• Russian cybersecurity company Elcomsoft claims its iOS Forensic Toolkit can now extract some data while a device is in BFU mode.
  • The latest update of iOS Forensic Toolkit allows it to extract select keychain records from iPhone devices
  • The toolkit can be used on iPhone 5s up to iPhone X running on iOS 12 and up to iOS 13.3

A Russian cybersecurity company that makes digital forensic tools for law enforcement and business specialists has discovered a way to hack into locked Apple iPhone devices. The method reportedly works on most iPhone models ranging between iPhone 5s and iPhone X. It is also effective on iPhone devices running on iOS 12 through iOS 13.3.

The cybersecurity company is called Elcomsoft. It's newly expanded capability to extract data even on devices running on iOS 13.3, which many claims unlockable, is through the update rolled out on its iOS Forensic Toolkit. The company claims that its iOS Forensic Toolkit can extract specific pieces of data from an iOS device before it has been unlocked.
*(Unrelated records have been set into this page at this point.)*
(* For all integers $t\ge0$ and $k\ge1$, \[m(2^{k+2}t+2^{k+1}-2)\ge m(t)+\frac{k}{2^k}.\]
   Context: $s(n)$ is the number of $1$s in the binary expansion of $n\ge0$; $\delta(j,t)=\lim_{N\to\infty}\frac1N|\{0\le n<N: s(n+t)-s(n)=j\}|$ for $j\in\mathbb Z$, a probability distribution on $\mathbb Z$, and $\kappa_j(t)$ denotes its $j$-th cumulant ($\log\sum_k\delta(k,t)e^{2\pi ik\vartheta}=\sum_{j\ge0}\frac{\kappa_j(t)}{j!}(2\pi i\vartheta)^j$ near $\vartheta=0$). Set $D(t)=\kappa_2(t)-\kappa_3(t)/3$ and $m(t)=\min\bigl(D(t),D(t+1)\bigr)$. *)

theory Defs
  imports "HOL-Analysis.Analysis"
begin

fun bsum :: "nat \<Rightarrow> nat" where
  "bsum n = (if n = 0 then 0 else n mod 2 + bsum (n div 2))"

definition delta :: "int \<Rightarrow> nat \<Rightarrow> real" where
  "delta j t = lim (\<lambda>N. real (card {n. n < N \<and> int (bsum (n + t)) - int (bsum n) = j}) / real N)"

text \<open>Cumulants: log (sum_k delta(k,t) e^{k z}) = sum_j kappa_j(t)/j! z^j near z = 0
  (the paper's expansion with z = 2 pi i theta), so kappa_j(t) is the j-th derivative
  at 0 of the cumulant generating function.\<close>
definition cgf :: "nat \<Rightarrow> complex \<Rightarrow> complex" where
  "cgf t z = Ln (\<Sum>\<^sub>\<infinity>k\<in>(UNIV::int set). complex_of_real (delta k t) * exp (of_int k * z))"

definition kappa :: "nat \<Rightarrow> nat \<Rightarrow> real" where
  "kappa j t = Re ((deriv ^^ j) (cgf t) 0)"

definition D :: "nat \<Rightarrow> real" where
  "D t = kappa 2 t - kappa 3 t / 3"

definition m :: "nat \<Rightarrow> real" where
  "m t = min (D t) (D (t + 1))"

end

theory Submission
  imports Defs "HOL-Complex_Analysis.Complex_Analysis"
begin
Apple made sure that nearly all of the data stored on an iPad or an iPhone is safely and securely encrypted following a restart or a reboot until a passcode has been keyed in. However, the little part that is now, which includes keychain data, can be obtained, says Cult of Mac. Over the years, the Cupertino-based tech company has been making it more difficult to crack into iOS devices through every major software build.
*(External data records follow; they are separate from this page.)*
lemma ball_deviation_le_kernel_integral:
  "ennreal (ball_mass * (f x - ball_mean f)^2 * decay_weight x)
     \<le> (\<integral>\<^sup>+ y. ennreal ((f y - f x)^2 / norm (y - x) powr D * \<rho> y) \<partial>lebesgue)"
proof -
  let ?g = "\<lambda>z. indicator (ball 0 1) z * (f x - f z)^2 * \<rho> z * decay_weight x"
  have "ball_mass * (f x - ball_mean f)^2 * decay_weight x
      \<le> (\<integral>z. indicator (ball 0 1) z * (f x - f z)^2 * \<rho> z \<partial>lebesgue) * decay_weight x"
    using ball_mean_sq_le[of "f x"] decay_weight_pos[of x] by (intro mult_right_mono) auto
  also have "\<dots> = integral\<^sup>L lebesgue ?g" by simp
  finally have "ennreal (ball_mass * (f x - ball_mean f)^2 * decay_weight x) \<le> ennreal (integral\<^sup>L lebesgue ?g)"
    by (rule ennreal_leI)
  also have "\<dots> = (\<integral>\<^sup>+ z. ennreal (?g z) \<partial>lebesgue)"
    using \<rho>_pos decay_weight_pos
    by (intro nn_integral_eq_integral[symmetric] integrable_mult_left integrable_ball_square AE_I2)
       (simp add: indicator_def less_imp_le)
  also have "\<dots> \<le> (\<integral>\<^sup>+ y. ennreal ((f y - f x)^2 / norm (y - x) powr D * \<rho> y) \<partial>lebesgue)"
    by (intro nn_integral_mono ennreal_leI ball_term_le_kernel_term)
  finally show ?thesis .
qed

lemma ball_mass_deviation_le_energy: "ennreal (ball_mass * deviation f) \<le> energy f"
proof -
  let ?d = "\<lambda>x. (f x - ball_mean f)^2 * decay_weight x * \<rho> x"
  have "ennreal (ball_mass * deviation f) = ennreal (\<integral>x. ball_mass * ?d x \<partial>lebesgue)"
    by (simp add: deviation_def)
  also have "\<dots> = (\<integral>\<^sup>+ x. ennreal (ball_mass * ?d x) \<partial>lebesgue)"
    using \<rho>_pos decay_weight_pos ball_mass_pos
    by (intro nn_integral_eq_integral[symmetric] integrable_mult_right integrable_deviation AE_I2)
       (simp add: less_imp_le)
  also have "\<dots> = (\<integral>\<^sup>+ x. ennreal (ball_mass * (f x - ball_mean f)^2 * decay_weight x) * ennreal (\<rho> x) \<partial>lebesgue)"
    using \<rho>_pos by (intro nn_integral_cong) (simp add: ennreal_mult''[symmetric] less_imp_le mult.assoc)
  also have "\<dots> \<le> energy f"
    unfolding energy_def by (intro nn_integral_mono mult_right_mono ball_deviation_le_kernel_integral) simp
  finally show ?thesis .
qed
Right now, it is almost impossible to access a locked iPhone without a special tool that could cost hundreds of thousands of dollars, adds the site. However, there might still be some data that you can get from an iOS device without the need to unlock it. Elcomsoft thinks that it is the iOS Forensic Toolkit.

The latest update of the IOS Forensic Toolkit enables the software to extract chosen keychain records in the Before First Unlock ( BFU ). In other words, it can collect sensitive information from infected iPhone devices that have been rebooted or powered off, and it does not require a passcode entry. According to Elcomsoft,

In Apple’s world, the content of the iPhone remains securely encrypted until the moment the user taps in their screen lock passcode. The screen lock passcode is absolutely required to generate the encryption key, which in turn is absolutely required to decrypt the iPhone’s file system. In other words, almost everything inside the iPhone remains encrypted until the user unlocks it with their passcode after the phone starts up.

The partially exposed bits, are by design and are necessary to enable the iPhone device to boot up properly. It is not clear if a software update or a firmware fix from Apple could render this newly-discovered method ineffective. Also, there is no mention that this method could work on the current generation of iPhone devices, which is the iPhone 11 series.

The cybersecurity company also made it clear that it will not, in any way, help unlock iOS devices. Instead, its recently updated iOS Forensic Toolkit could come handy, especially to law enforcement officials in extracting data from an iPhone without having to unlock or jailbreak it.